On the flip side of this is the concept that the film is possibly describing Flax’s mind as it disintegrates.  Yes, she is exhausted from work, but there’s more to it than that.  She is also newly divorced, and she has moved (by all indications across the country from Boston) to a new place where she knows few people (the major [and somewhat dumbfounding] exception being the high-energy fellow doctor Cassie [Jeannie Elias]) and into a new apartment where she is still in the process of unpacking (her bed is literally a mattress on the floor).  Flax is inexplicably fascinated by Pommier, and after he bites her ear, her slide into surreality commences.  It’s almost as if his perceptual madness is passed on like a virus, all of which stems from something ethereal in the desert landscape resting under the veneer of the city of Los Angeles.  It adds an intriguing layer over the film’s narrative.  However, the filmmakers also don’t really bother to flesh out Flax enough aside from these cursory tidbits to make her journey all that compelling.  It’s as if the film is meant to be solely Pommier’s (and the heart of his narrative is his investigation, not his character), with book end sequences featuring Flax.  Developing her as a more substantial participant in the movie could have gone a long way in enriching some of the themes and adding a bit of complexity.  Instead, her throughline plays more like an extended lead up to the “shock” kicker at the film’s end.  It makes the film experience more frustrating and banausic than it should have been and consequently makes the film itself a very minor footnote in the history of genre cinema.

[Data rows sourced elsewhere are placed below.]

lemma sum_window_indicator_product:
  assumes "p < L" "q < L"
  shows "(\<Sum>j<L+H. (if p \<le> j \<and> j < p + H then x else 0) * (if q \<le> j \<and> j < q + H then y else 0))
     = x * y * real (H - nat_dist p q)"
proof -
  have "(\<Sum>j<L+H. (if p \<le> j \<and> j < p + H then x else 0) * (if q \<le> j \<and> j < q + H then y else 0))
      = (\<Sum>j\<in>{..<L+H} \<inter> {max p q..<min p q + H}. x * y)"
    by (subst sum.inter_restrict) (auto intro!: sum.cong)
  also have "{..<L+H} \<inter> {max p q..<min p q + H} = {max p q..<min p q + H}" using assms by auto
  also have "(\<Sum>j\<in>{max p q..<min p q + H}. x * y) = x * y * real (H - nat_dist p q)"
    by (auto simp: nat_dist_def)
  finally show ?thesis .
qed

text \<open>Van der Corput's trick: b is the sum over j of the pieces \<open>w j\<close>, its restrictions to
  the windows \<open>(j - H, j]\<close>, scaled by \<open>1/H\<close>; the form of each piece only sees lags below H.\<close>

lemma toeplitz_form_window_sum:
  fixes b c :: "nat \<Rightarrow> real" and H L :: nat
  defines "w \<equiv> \<lambda>j p. if p \<le> j \<and> j < p + H then b p / real H else 0"
  shows "(\<Sum>j<L+H. toeplitz_form c L (w j) (w j))
       = (\<Sum>k<L+H. c k * real (H - k) / real H ^ 2 * lag_sum b L k)"
proof -
  have "(\<Sum>j<L+H. toeplitz_form c L (w j) (w j))
      = (\<Sum>p<L. \<Sum>q<L. \<Sum>j<L+H. w j p * w j q * c (nat_dist p q))"
    unfolding toeplitz_form_def by (simp add: sum.swap[where A = "{..<L+H}"])
  also have "\<dots> = (\<Sum>p<L. \<Sum>q<L. (c (nat_dist p q) * real (H - nat_dist p q) / real H ^ 2) * (b p * b q))"
  proof (intro sum.cong refl)
    fix p q assume "p \<in> {..<L}" "q \<in> {..<L}"
    hence "(\<Sum>j<L+H. w j p * w j q) = b p / real H * (b q / real H) * real (H - nat_dist p q)"
      unfolding w_def by (intro sum_window_indicator_product) auto
    moreover have "(\<Sum>j<L+H. w j p * w j q * c (nat_dist p q))
        = (\<Sum>j<L+H. w j p * w j q) * c (nat_dist p q)"
      by (simp add: sum_distrib_right)
    ultimately show "(\<Sum>j<L+H. w j p * w j q * c (nat_dist p q))
        = (c (nat_dist p q) * real (H - nat_dist p q) / real H ^ 2) * (b p * b q)"
      by (simp add: power2_eq_square field_simps)
  qed
  also have "\<dots> = (\<Sum>k<L+H. c k * real (H - k) / real H ^ 2 * lag_sum b L k)"
    by (rule sum_nat_dist_eq_lag_sum)
  finally show ?thesis .
qed

lemma van_der_corput_toeplitz:
  assumes pd: "pos_def_seq c" and c_le_1: "\<And>k. \<bar>c k\<bar> \<le> 1" and "H > 0"
  shows "toeplitz_form c L b b \<le> real (L+H) / real H * (\<Sum>k<H. \<bar>lag_sum b L k\<bar>)"
proof -
  define w where "w j p = (if p \<le> j \<and> j < p + H then b p / real H else 0)" for j p
  have "toeplitz_form c L b b
      = toeplitz_form c L (\<lambda>p. \<Sum>j\<in>{..<L+H}. w j p) (\<lambda>p. \<Sum>j\<in>{..<L+H}. w j p)"
    by (rule toeplitz_form_cong) (simp_all add: w_def sum_window_indicator \<open>H > 0\<close>)
  also have "\<dots> \<le> real (L+H) * (\<Sum>j<L+H. toeplitz_form c L (w j) (w j))"
    using toeplitz_form_sum_le[OF pd, of "{..<L+H}" L w] by simp
  also have "(\<Sum>j<L+H. toeplitz_form c L (w j) (w j))
      = (\<Sum>k<L+H. c k * real (H - k) / real H ^ 2 * lag_sum b L k)"
    unfolding w_def by (rule toeplitz_form_window_sum)
  also have "\<dots> \<le> (\<Sum>k<L+H. \<bar>c k * real (H - k) / real H ^ 2 * lag_sum b L k\<bar>)"
    by (rule sum_mono) (rule abs_ge_self)
  also have "\<dots> = (\<Sum>k<H. \<bar>c k * real (H - k) / real H ^ 2 * lag_sum b L k\<bar>)"
    by (rule sum.mono_neutral_right) auto
  also have "\<dots> \<le> (\<Sum>k<H. \<bar>lag_sum b L k\<bar> / real H)"
  proof (rule sum_mono)
    fix k
    have "\<bar>c k * real (H - k)\<bar> \<le> 1 * real H"
      unfolding abs_mult using c_le_1[of k] by (intro mult_mono) auto
    hence "\<bar>c k * real (H - k) / real H ^ 2\<bar> \<le> 1 / real H"
      using \<open>H > 0\<close> by (simp add: power2_eq_square divide_simps abs_mult)
    thus "\<bar>c k * real (H - k) / real H ^ 2 * lag_sum b L k\<bar> \<le> \<bar>lag_sum b L k\<bar> / real H"
      unfolding abs_mult by (metis abs_ge_zero divide_inverse_commute mult.commute mult_right_mono
          inverse_eq_divide)
  qed
  finally show ?thesis by (simp add: sum_divide_distrib[symmetric] mult_left_mono)
qed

MVT:  The Nomads are great, not only for the uneasiness they bring but in the casting of them.  It’s not as if any of these thespians shine especially, but that they cast people as old as they did subverts the typical notion of punks as “youth in revolt” and augments the supernatural aspects they represent.

Make or Break:  I love the scene where Woronov dances for the camera.  This is not only since I love the actress in everything she does but also because the scene is both menacing and entertaining simultaneously.